Jun 5, 2005, 1:05:48 PM6/5/05

to

Matthias Blume wrote:
> Ok, I took the trouble and translated your Ocaml code to SML for use
> under SML/NJ. (MLton needs a minor adjustment.) The code is only a
> few lines longer than the original and should come in under 100loc
> when ignoring comments and blank lines.

That's great, thank you. :-)

> On an old 400 MHz Celeron, the program runs almost 30% faster than the
> original SML code that you posted earlier. I'd be interested to hear
> how it fares on the Athlon...

Using AMD64 OCaml but x86 Mlton and SML/NJ (are there AMD64 versions?)
I get:

Compiler LOC Time
Mlton 80 2.950
Mlton 88 2.571
Mlton 91 3.569
SML/NJ 80 7.487
SML/NJ 88 6.738
SML/NJ 91 3.738
ocamlopt 61 4.078
ocamlopt 67 3.845
ocamlopt 78 3.184

The tree versions are:

1. Minimal
2. Specialised "intersect" function for shadow rays
3. Implicit scene

Interestingly, the "implicit scene" Mlton implementation is much
slower.

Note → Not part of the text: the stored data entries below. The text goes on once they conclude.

definition nf_tail :: "nat \<Rightarrow> bool list \<Rightarrow> bool \<Rightarrow> word" where
  "nf_tail c bs e = concat (replicate c Y_word) @ concat (map block bs) @ (if e then X_word else [])"

definition has_nf :: "word \<Rightarrow> bool" where
  "has_nf u \<longleftrightarrow> (\<exists>k c bs e. c \<le> 2 \<and> braid_eq u (word_pow Delta k @ nf_tail c bs e))"

lemma has_nf_braid_eq: "braid_eq u v \<Longrightarrow> has_nf v \<Longrightarrow> has_nf u"
  unfolding has_nf_def by (meson braid_eq.trans)

lemma has_nf_nf_tail: "c \<le> 2 \<Longrightarrow> has_nf (nf_tail c bs e)"
  unfolding has_nf_def by (metis append_Nil braid_eq.refl word_pow_0)

lemma has_nf_Delta_pow_append:
  assumes "has_nf u"
  shows "has_nf (word_pow Delta j @ u)"
proof -
  obtain k c bs e where "c \<le> 2" and u: "braid_eq u (word_pow Delta k @ nf_tail c bs e)"
    using assms unfolding has_nf_def by blast
  have "braid_eq (word_pow Delta j @ u) ((word_pow Delta j @ word_pow Delta k) @ nf_tail c bs e)"
    using braid_eq_append_left[OF u] by simp
  also have "braid_eq \<dots> (word_pow Delta (j + k) @ nf_tail c bs e)"
    using word_pow_add by (rule braid_eq_append_right)
  finally show ?thesis
    using \<open>c \<le> 2\<close> unfolding has_nf_def by blast
qed

lemma has_nf_append:
  assumes "\<And>c bs e. c \<le> 2 \<Longrightarrow> has_nf (w @ nf_tail c bs e)" and "has_nf u"
  shows "has_nf (w @ u)"
proof -
  obtain k c bs e where "c \<le> 2" and u: "braid_eq u (word_pow Delta k @ nf_tail c bs e)"
    using assms(2) unfolding has_nf_def by blast
  have "braid_eq (w @ u) ((w @ word_pow Delta k) @ nf_tail c bs e)"
    using braid_eq_append_left[OF u] by simp
  also have "braid_eq \<dots> (word_pow Delta k @ w @ nf_tail c bs e)"
    using central_word_pow[OF central_Delta] unfolding central_def
    by (metis append_assoc braid_eq_append_right)
  finally show ?thesis
    using has_nf_braid_eq has_nf_Delta_pow_append assms(1) \<open>c \<le> 2\<close> by blast
qed

lemma has_nf_Y_word_nf_tail:
  assumes "c \<le> 2"
  shows "has_nf (Y_word @ nf_tail c bs e)"
proof (cases "c = 2")
  case True
  then have "Y_word @ nf_tail c bs e = word_pow Delta 1 @ nf_tail 0 bs e"
    by (simp add: nf_tail_def Delta_def numeral_2_eq_2)
  then show ?thesis
    using has_nf_Delta_pow_append[of "nf_tail 0 bs e" 1] has_nf_nf_tail[of 0 bs e] by simp
next
  case False
  then have "Y_word @ nf_tail c bs e = nf_tail (Suc c) bs e"
    by (simp add: nf_tail_def)
  then show ?thesis
    using False assms has_nf_nf_tail by simp
qed

lemma has_nf_X_word_nf_tail:
  assumes "c \<le> 2"
  shows "has_nf (X_word @ nf_tail c bs e)"
proof -
  consider "c = 0" "bs = []" | b bs' where "c = 0" "bs = b # bs'" | "c = 1" | "c = 2"
    using assms by (cases bs) fastforce+
  then show ?thesis
  proof cases
    case 1
    show ?thesis
    proof (cases e)
      case True
      have "braid_eq (X_word @ nf_tail c bs e) (word_pow Delta 1 @ nf_tail 0 [] False)"
        using 1 True X_word_X_word by (simp add: nf_tail_def)
      then show ?thesis
        using has_nf_braid_eq has_nf_Delta_pow_append has_nf_nf_tail by blast
    next
      case False
      then have "X_word @ nf_tail c bs e = nf_tail 0 [] True"
        using 1 by (simp add: nf_tail_def)
      then show ?thesis using has_nf_nf_tail by simp
    qed
  next
    case (2 b bs')
    define c' where "c' = (if b then 2 else 1 :: nat)"
    have "X_word @ nf_tail c bs e = (X_word @ X_word) @ nf_tail c' bs' e"
      using 2 by (simp add: nf_tail_def block_def c'_def numeral_2_eq_2)
    also have "braid_eq \<dots> (word_pow Delta 1 @ nf_tail c' bs' e)"
      using braid_eq_append_right[OF X_word_X_word] by simp
    finally have "braid_eq (X_word @ nf_tail c bs e) (word_pow Delta 1 @ nf_tail c' bs' e)" .
    moreover have "has_nf (word_pow Delta 1 @ nf_tail c' bs' e)"
      by (intro has_nf_Delta_pow_append has_nf_nf_tail) (simp add: c'_def)
    ultimately show ?thesis
      by (rule has_nf_braid_eq)
  next
    case 3
    then have "X_word @ nf_tail c bs e = nf_tail 0 (False # bs) e"
      by (simp add: nf_tail_def block_def)
    then show ?thesis using has_nf_nf_tail by simp
  next
    case 4
    then have "X_word @ nf_tail c bs e = nf_tail 0 (True # bs) e"
      by (simp add: nf_tail_def block_def numeral_2_eq_2)
    then show ?thesis using has_nf_nf_tail by simp
  qed
qed

lemma has_nf_concat_XY_word:
  "set ws \<subseteq> {X_word, Y_word} \<Longrightarrow> has_nf u \<Longrightarrow> has_nf (concat ws @ u)"
  by (induction ws) (auto intro: has_nf_append has_nf_X_word_nf_tail has_nf_Y_word_nf_tail)

lemma has_nf_Cons:
  assumes "has_nf u"
  shows "has_nf (a # u)"
proof -
  obtain ws where ws: "set ws \<subseteq> {X_word, Y_word}" and a: "braid_eq (Delta @ [a]) (concat ws)"
    by (rule Delta_letter_braid_eq_XY_word)
  have "braid_eq (a # u) (inv_word Delta @ (Delta @ [a]) @ u)"
    using braid_eq_append_right[OF braid_eq_inv_word_append[of Delta], of "a # u"]
    by (simp add: braid_eq.sym)
  also have "braid_eq \<dots> (word_pow Delta (-1) @ concat ws @ u)"
    using braid_eq_append_cong[OF a] by simp
  finally show ?thesis
    using has_nf_braid_eq has_nf_Delta_pow_append has_nf_concat_XY_word[OF ws assms] by blast
qed

lemma has_nf: "has_nf u"
proof (induction u)
  case Nil
  show ?case using has_nf_nf_tail[of 0 "[]" False] by (simp add: nf_tail_def)
qed (rule has_nf_Cons)

section \<open>Injectivity of $\phi \times \epsilon$\<close>

lemma phi_block: "phi (block b) = (if b then mat2 (-1) 0 1 (-1) else mat2 (-1) 1 0 (-1))"
  by (simp add: block_def phi_X_word phi_Y_word)

lemma phi_concat_blocks:
  assumes "bs \<noteq> []"
  shows "\<exists>s a b c d. s \<in> {1, -1} \<and> a \<ge> 1 \<and> d \<ge> 1 \<and> b \<le> 0 \<and> c \<le> 0 \<and> b + c \<le> -1 \<and>
           phi (concat (map block bs)) = mat2 (s*a) (s*b) (s*c) (s*d)"
  using assms
proof (induction bs rule: list_nonempty_induct)
  case (single x)
  show ?case
  proof (cases x)
    case True
    then show ?thesis
      by (intro exI[of _ "-1"] exI[of _ 1] exI[of _ 0] exI[of _ "-1"] exI[of _ 1]) (simp add: phi_block)
  next
    case False
    then show ?thesis
      by (intro exI[of _ "-1"] exI[of _ 1] exI[of _ "-1"] exI[of _ 0] exI[of _ 1]) (simp add: phi_block)
  qed
next
  case (cons x bs)
  then obtain s a b c d
    where bounds: "s \<in> {1, -1}" "a \<ge> 1" "d \<ge> 1" "b \<le> 0" "c \<le> 0" "b + c \<le> -1"
      and bs: "phi (concat (map block bs)) = mat2 (s*a) (s*b) (s*c) (s*d)"
    by blast
  show ?case
  proof (cases x)
    case True
    then show ?thesis using bounds
      by (intro exI[of _ "-s"] exI[of _ a] exI[of _ b] exI[of _ "c - a"] exI[of _ "d - b"])
        (auto simp: bs phi_block algebra_simps)
  next
    case False
    then show ?thesis using bounds
      by (intro exI[of _ "-s"] exI[of _ "a - c"] exI[of _ "b - d"] exI[of _ c] exI[of _ d])
        (auto simp: bs phi_block algebra_simps)
  qed
qed

lemma nf_tail_trivial_if_phi_sign:
  assumes "c \<le> 2" and "t \<in> {1, -1}" and phi: "phi (nf_tail c bs e) = mat2 t 0 0 t"
  shows "c = 0 \<and> bs = [] \<and> \<not> e"
proof -
  have c: "c = 0 \<or> c = 1 \<or> c = 2"
    using assms(1) by auto
  show ?thesis
  proof (cases "bs = []")
    case True
    with c phi assms(2) show ?thesis
      by (cases e) (auto simp: nf_tail_def phi_X_word phi_Y_word numeral_2_eq_2)
  next
    case False
    with phi_concat_blocks obtain s a b c' d where
      "s \<in> {1, -1}" "a \<ge> 1" "d \<ge> 1" "b \<le> 0" "c' \<le> 0" "b + c' \<le> -1"
      and bs: "phi (concat (map block bs)) = mat2 (s*a) (s*b) (s*c') (s*d)"
      by blast
    with c phi assms(2) have False
      by (cases e) (auto simp: nf_tail_def bs phi_X_word phi_Y_word numeral_2_eq_2)
    then show ?thesis ..
  qed
qed

lemma braid_eq_Nil_if_phi_epsilon:
  assumes "phi u = mat2 1 0 0 1" and "epsilon u = 0"
  shows "braid_eq u []"
proof -
  obtain k c bs e where "c \<le> 2" and u: "braid_eq u (word_pow Delta k @ nf_tail c bs e)"
    using has_nf unfolding has_nf_def by blast
  obtain t where t: "t \<in> {1, -1}" and phi_Delta_pow: "phi (word_pow Delta k) = mat2 t 0 0 t"
    using phi_word_pow_sign[OF phi_Delta] by auto
  have "mat2 t 0 0 t ** phi (nf_tail c bs e) = mat2 1 0 0 1"
    using braid_eq_phi_eq[OF u] assms(1) phi_Delta_pow by simp
  then have "phi (nf_tail c bs e) = mat2 t 0 0 t"
    using t by (rule mat2_sign_left_inverse[rotated])
  then have "c = 0 \<and> bs = [] \<and> \<not> e"
    using nf_tail_trivial_if_phi_sign[OF \<open>c \<le> 2\<close> t] by blast
  then have "nf_tail c bs e = []"
    by (simp add: nf_tail_def)
  moreover have "k = 0"
    using braid_eq_epsilon_eq[OF u] assms(2) \<open>nf_tail c bs e = []\<close>
    by (simp add: epsilon_word_pow epsilon_Delta)
  ultimately show ?thesis
    using u by simp
qed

Both Mlton and SML/NJ will probably do a lot better if I can
get native AMD64 code gens working.

Cheers,
Jon.

Matthew Fluet

unread,

Jun 5, 2005, 2:20:55 PM6/5/05

to

> Using AMD64 OCaml but x86 Mlton and SML/NJ (are there AMD64 versions?)

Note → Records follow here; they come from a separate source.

lemma lab_norm_delx:
  assumes "wf D" "wf D'" "comps D = delx C D'" "x \<in> strands D"
    and cancel: "sum snd (earlier D' x \<inter> {y. fst y \<in> C}) = 0"
  shows "lab_norm D a x = lab_norm D' a x" "fst (pos D x) = fst (pos D' x)"
proof -
  obtain i where i: "i < length (comps D)" "x \<in> set (comps D ! i)"
    using assms(4) unfolding strands_conv_nth by (metis nth_mem)
  have len: "length (comps D') = length (comps D)"
    using assms(3) by (simp add: delx_def)
  have ci: "comps D ! i = filter (\<lambda>y. fst y \<notin> C) (comps D' ! i)"
    using assms(3) i(1) by (simp add: delx_def)
  then have i': "i < length (comps D')" "x \<in> set (comps D' ! i)" and x: "fst x \<notin> C"
    using i len by auto
  have p: "fst (pos D x) = i" "fst (pos D' x) = i"
    using wf_pos_in_comp[OF assms(1) i] wf_pos_in_comp[OF assms(2) i'] by simp_all
  then show "fst (pos D x) = fst (pos D' x)" by simp
  have "earlier D x = earlier D' x \<inter> {y. fst y \<notin> C}"
    unfolding earlier_def p ci takeWhile_neq_filter[of "\<lambda>y. fst y \<notin> C", OF x] by auto
  moreover have "sum snd (earlier D' x) =
      sum snd (earlier D' x \<inter> {y. fst y \<notin> C}) + sum snd (earlier D' x \<inter> {y. fst y \<in> C})"
    using sum.Int_Diff[OF finite_earlier, of snd D' x "{y. fst y \<notin> C}"]
    by (simp add: set_diff_eq Int_def)
  ultimately show "lab_norm D a x = lab_norm D' a x"
    unfolding lab_norm_def p using cancel by simp
qed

MLton does not have a native AMD64 port at the current time.
I do not believe that SML/NJ has a native AMD64 port either.

Jon Harrop

unread,

Jun 7, 2005, 5:16:52 AM6/7/05

to

That's a great shame. ocamlopt is relatively much faster on AMD64 than on
x86. I suspect SML/NJ and Mlton could be similarly much faster on AMD64.

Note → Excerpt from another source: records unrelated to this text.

(* Write x ~i y (near i x y) when x and y lie in a common member of each of W 0, ..., W i.
   At a non-isolated point x the strong development condition shows that, for each fixed k,
   all k-step ~n-chains starting at x stay inside a given neighbourhood of x once n is large.
   Monotone normality: H(p, C) is the ~n-ball of p for the least n whose 2-chains from p avoid C;
   comparing the levels chosen for p and q shows that H(p, {q}) and H(q, {p}) are disjoint.
   Paracompactness: well-order the cover and label each point by the least member containing it.
   Stage n uses the ~n-balls of the not yet covered points whose 4-chains stay inside their
   label, grouped by label. Two groups of one stage cannot both come ~n-close to a point,
   because a 4-chain would join their centres and force equal labels, and a point covered at
   stage n is far from all balls of later stages; this gives local finiteness at non-isolated
   points, and isolated points are covered by singletons. *)

lemma cover_choice_coherent:
  fixes \<U> :: "'a set set"
  assumes "\<Union>\<U> = UNIV"
  obtains f where "\<And>x. x \<in> f x" "\<And>x. f x \<in> \<U>"
    and "\<And>y z. y \<in> f z \<Longrightarrow> z \<in> f y \<Longrightarrow> f y = f z"
proof -
  obtain r :: "'a set rel" where r: "Well_order r" "Field r = UNIV"
    using well_ordering[where 'a="'a set"] by blast
  then interpret wo_rel r by (simp add: wo_rel_def)
  define f where "f x = minim {U \<in> \<U>. x \<in> U}" for x
  have f_in: "f x \<in> {U \<in> \<U>. x \<in> U}" for x
    unfolding f_def using assms r(2) by (intro minim_in) auto
  have f_least: "(f x, U) \<in> r" if "U \<in> \<U>" "x \<in> U" for x U
    unfolding f_def using that r(2) by (intro minim_least) auto
  show thesis
  proof (rule that)
    show "x \<in> f x" "f x \<in> \<U>" for x
      using f_in by simp_all
    show "f y = f z" if "y \<in> f z" "z \<in> f y" for y z
    proof -
      have "(f y, f z) \<in> r" "(f z, f y) \<in> r"
        using f_least f_in that by simp_all
      then show ?thesis
        by (rule antisymD[OF ANTISYM])
    qed
  qed
qed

Here are some results for comparison between 32- and 64-bit processors:

ss=4 level=9 n=512 Athlon T-bird

Compiler LOC Run Time
smlnj 79 83.470
smlnj 84 57.112
smlnj 90 47.253
smlnj 94 45.499
ocamlopt 60 81.846
ocamlopt 65 52.961
ocamlopt 72 52.578
ocamlopt 76 47.331
g++ 106 62.597
g++ 121 42.399
g++ 130 36.419
g++ 135 35.268
mlton 79 30.679
mlton 84 23.539
mlton 90 21.647
mlton 94 18.966

ss=4 level=9 n=512 Athlon 64

Compiler LOC Run Time
smlnj 79 39.092
smlnj 84 26.444
smlnj 90 22.246
smlnj 94 21.530
ocamlopt 60 26.474
ocamlopt 65 17.950
ocamlopt 72 16.657
ocamlopt 76 16.270
g++ 106 24.395
g++ 121 16.441
g++ 130 14.841
g++ 135 14.733
mlton 79 14.827
mlton 84 10.546
mlton 90 8.682
mlton 94 8.390

I'm curious as to why x86 ocamlopt shows no improvement moving from version
2 to version 3 (specialised shadow rays), whereas all other languages on
both platforms show significant improvement.